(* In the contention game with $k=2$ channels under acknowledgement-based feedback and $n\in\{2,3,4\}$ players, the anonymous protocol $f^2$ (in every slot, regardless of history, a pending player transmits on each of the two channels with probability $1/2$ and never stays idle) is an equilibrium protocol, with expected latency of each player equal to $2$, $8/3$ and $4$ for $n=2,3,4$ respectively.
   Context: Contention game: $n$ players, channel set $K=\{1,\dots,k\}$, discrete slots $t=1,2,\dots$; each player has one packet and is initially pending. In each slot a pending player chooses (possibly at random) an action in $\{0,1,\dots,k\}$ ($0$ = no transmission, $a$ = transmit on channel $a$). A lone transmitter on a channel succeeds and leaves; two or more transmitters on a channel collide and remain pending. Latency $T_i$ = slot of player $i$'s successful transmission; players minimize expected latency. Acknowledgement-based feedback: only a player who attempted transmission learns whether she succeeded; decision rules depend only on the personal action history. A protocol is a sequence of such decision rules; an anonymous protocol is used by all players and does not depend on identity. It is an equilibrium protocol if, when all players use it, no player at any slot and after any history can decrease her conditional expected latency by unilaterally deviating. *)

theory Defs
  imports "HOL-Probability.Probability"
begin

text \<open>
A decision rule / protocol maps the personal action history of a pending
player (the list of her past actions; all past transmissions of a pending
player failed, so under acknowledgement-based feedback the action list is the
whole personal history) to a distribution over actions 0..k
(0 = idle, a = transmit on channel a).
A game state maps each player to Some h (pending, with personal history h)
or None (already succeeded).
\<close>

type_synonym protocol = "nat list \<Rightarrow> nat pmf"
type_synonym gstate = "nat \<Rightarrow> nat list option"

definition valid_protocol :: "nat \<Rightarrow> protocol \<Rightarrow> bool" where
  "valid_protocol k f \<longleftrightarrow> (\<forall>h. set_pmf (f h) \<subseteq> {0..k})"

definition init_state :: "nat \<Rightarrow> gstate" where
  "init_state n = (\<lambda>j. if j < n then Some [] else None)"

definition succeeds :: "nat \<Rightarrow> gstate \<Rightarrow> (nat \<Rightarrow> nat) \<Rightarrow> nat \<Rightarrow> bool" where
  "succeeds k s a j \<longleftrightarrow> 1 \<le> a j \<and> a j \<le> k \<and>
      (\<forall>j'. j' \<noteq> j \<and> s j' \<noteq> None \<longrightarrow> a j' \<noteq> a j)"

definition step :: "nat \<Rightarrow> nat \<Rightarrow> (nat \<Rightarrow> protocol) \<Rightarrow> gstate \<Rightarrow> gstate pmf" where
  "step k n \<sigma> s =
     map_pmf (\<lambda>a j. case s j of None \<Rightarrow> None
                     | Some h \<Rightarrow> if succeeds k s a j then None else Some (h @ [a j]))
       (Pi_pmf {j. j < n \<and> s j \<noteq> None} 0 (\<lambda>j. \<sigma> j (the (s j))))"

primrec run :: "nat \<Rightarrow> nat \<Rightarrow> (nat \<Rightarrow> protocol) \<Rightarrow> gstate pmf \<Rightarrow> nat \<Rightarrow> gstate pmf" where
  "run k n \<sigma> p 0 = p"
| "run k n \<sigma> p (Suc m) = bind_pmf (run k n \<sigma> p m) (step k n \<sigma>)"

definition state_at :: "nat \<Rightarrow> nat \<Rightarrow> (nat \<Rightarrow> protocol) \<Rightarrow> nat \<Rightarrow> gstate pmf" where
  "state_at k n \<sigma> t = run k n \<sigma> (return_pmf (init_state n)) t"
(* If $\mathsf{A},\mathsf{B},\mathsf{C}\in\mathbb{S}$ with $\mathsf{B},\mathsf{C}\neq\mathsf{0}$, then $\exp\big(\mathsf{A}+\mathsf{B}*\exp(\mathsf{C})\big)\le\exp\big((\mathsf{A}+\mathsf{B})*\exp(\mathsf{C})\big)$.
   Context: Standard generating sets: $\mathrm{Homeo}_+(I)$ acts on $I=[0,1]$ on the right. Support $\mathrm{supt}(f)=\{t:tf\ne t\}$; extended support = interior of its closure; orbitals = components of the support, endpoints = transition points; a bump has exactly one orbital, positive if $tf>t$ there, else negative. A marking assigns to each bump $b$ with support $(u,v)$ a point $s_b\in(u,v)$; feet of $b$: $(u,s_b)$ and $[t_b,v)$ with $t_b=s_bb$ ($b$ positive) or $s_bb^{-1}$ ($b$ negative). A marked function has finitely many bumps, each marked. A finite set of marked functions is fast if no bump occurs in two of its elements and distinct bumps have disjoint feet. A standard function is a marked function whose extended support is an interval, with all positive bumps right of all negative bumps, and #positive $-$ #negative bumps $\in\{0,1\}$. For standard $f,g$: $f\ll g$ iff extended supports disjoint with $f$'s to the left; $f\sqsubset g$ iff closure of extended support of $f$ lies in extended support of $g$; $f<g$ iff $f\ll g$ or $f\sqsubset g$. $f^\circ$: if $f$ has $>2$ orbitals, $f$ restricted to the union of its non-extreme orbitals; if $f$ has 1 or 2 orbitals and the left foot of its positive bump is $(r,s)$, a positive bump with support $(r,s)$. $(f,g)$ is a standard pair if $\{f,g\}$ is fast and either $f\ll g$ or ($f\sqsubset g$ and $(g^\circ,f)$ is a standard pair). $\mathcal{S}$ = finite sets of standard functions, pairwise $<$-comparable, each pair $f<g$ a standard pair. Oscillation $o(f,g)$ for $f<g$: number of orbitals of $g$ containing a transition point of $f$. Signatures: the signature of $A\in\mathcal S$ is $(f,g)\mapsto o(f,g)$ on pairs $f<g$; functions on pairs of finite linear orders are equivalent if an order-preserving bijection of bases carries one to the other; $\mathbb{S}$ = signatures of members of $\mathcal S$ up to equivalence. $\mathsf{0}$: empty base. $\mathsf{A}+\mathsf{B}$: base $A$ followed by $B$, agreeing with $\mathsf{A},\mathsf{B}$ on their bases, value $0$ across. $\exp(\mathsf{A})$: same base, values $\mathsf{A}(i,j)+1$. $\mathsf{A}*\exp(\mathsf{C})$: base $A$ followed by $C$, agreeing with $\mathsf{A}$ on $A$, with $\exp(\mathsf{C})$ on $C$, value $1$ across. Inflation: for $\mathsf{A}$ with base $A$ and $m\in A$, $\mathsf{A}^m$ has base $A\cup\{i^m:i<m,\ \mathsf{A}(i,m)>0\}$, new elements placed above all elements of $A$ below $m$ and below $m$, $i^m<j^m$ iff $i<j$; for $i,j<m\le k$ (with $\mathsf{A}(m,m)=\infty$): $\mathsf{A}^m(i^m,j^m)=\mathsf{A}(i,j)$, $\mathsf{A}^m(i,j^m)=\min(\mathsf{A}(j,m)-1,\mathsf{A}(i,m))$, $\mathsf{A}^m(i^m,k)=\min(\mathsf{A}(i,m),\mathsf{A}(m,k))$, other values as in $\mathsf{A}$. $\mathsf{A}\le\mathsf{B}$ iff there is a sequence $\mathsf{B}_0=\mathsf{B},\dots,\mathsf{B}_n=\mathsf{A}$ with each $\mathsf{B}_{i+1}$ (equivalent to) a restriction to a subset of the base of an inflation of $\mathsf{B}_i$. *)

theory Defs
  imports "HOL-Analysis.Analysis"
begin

**ACTIVITY:** Scan the listing above for the line that has "player failed, so", then copy exactly from that line through the line that has "n \<sigma> t".

**SOLUTION TO THIS PROBLEM:**
player failed, so under acknowledgement-based feedback the action list is the
whole personal history) to a distribution over actions 0..k
(0 = idle, a = transmit on channel a).
A game state maps each player to Some h (pending, with personal history h)
or None (already succeeded).
\<close>

type_synonym protocol = "nat list \<Rightarrow> nat pmf"
type_synonym gstate = "nat \<Rightarrow> nat list option"

definition valid_protocol :: "nat \<Rightarrow> protocol \<Rightarrow> bool" where
  "valid_protocol k f \<longleftrightarrow> (\<forall>h. set_pmf (f h) \<subseteq> {0..k})"

definition init_state :: "nat \<Rightarrow> gstate" where
  "init_state n = (\<lambda>j. if j < n then Some [] else None)"

definition succeeds :: "nat \<Rightarrow> gstate \<Rightarrow> (nat \<Rightarrow> nat) \<Rightarrow> nat \<Rightarrow> bool" where
  "succeeds k s a j \<longleftrightarrow> 1 \<le> a j \<and> a j \<le> k \<and>
      (\<forall>j'. j' \<noteq> j \<and> s j' \<noteq> None \<longrightarrow> a j' \<noteq> a j)"

definition step :: "nat \<Rightarrow> nat \<Rightarrow> (nat \<Rightarrow> protocol) \<Rightarrow> gstate \<Rightarrow> gstate pmf" where
  "step k n \<sigma> s =
     map_pmf (\<lambda>a j. case s j of None \<Rightarrow> None
                     | Some h \<Rightarrow> if succeeds k s a j then None else Some (h @ [a j]))
       (Pi_pmf {j. j < n \<and> s j \<noteq> None} 0 (\<lambda>j. \<sigma> j (the (s j))))"

primrec run :: "nat \<Rightarrow> nat \<Rightarrow> (nat \<Rightarrow> protocol) \<Rightarrow> gstate pmf \<Rightarrow> nat \<Rightarrow> gstate pmf" where
  "run k n \<sigma> p 0 = p"
| "run k n \<sigma> p (Suc m) = bind_pmf (run k n \<sigma> p m) (step k n \<sigma>)"

definition state_at :: "nat \<Rightarrow> nat \<Rightarrow> (nat \<Rightarrow> protocol) \<Rightarrow> nat \<Rightarrow> gstate pmf" where
  "state_at k n \<sigma> t = run k n \<sigma> (return_pmf (init_state n)) t"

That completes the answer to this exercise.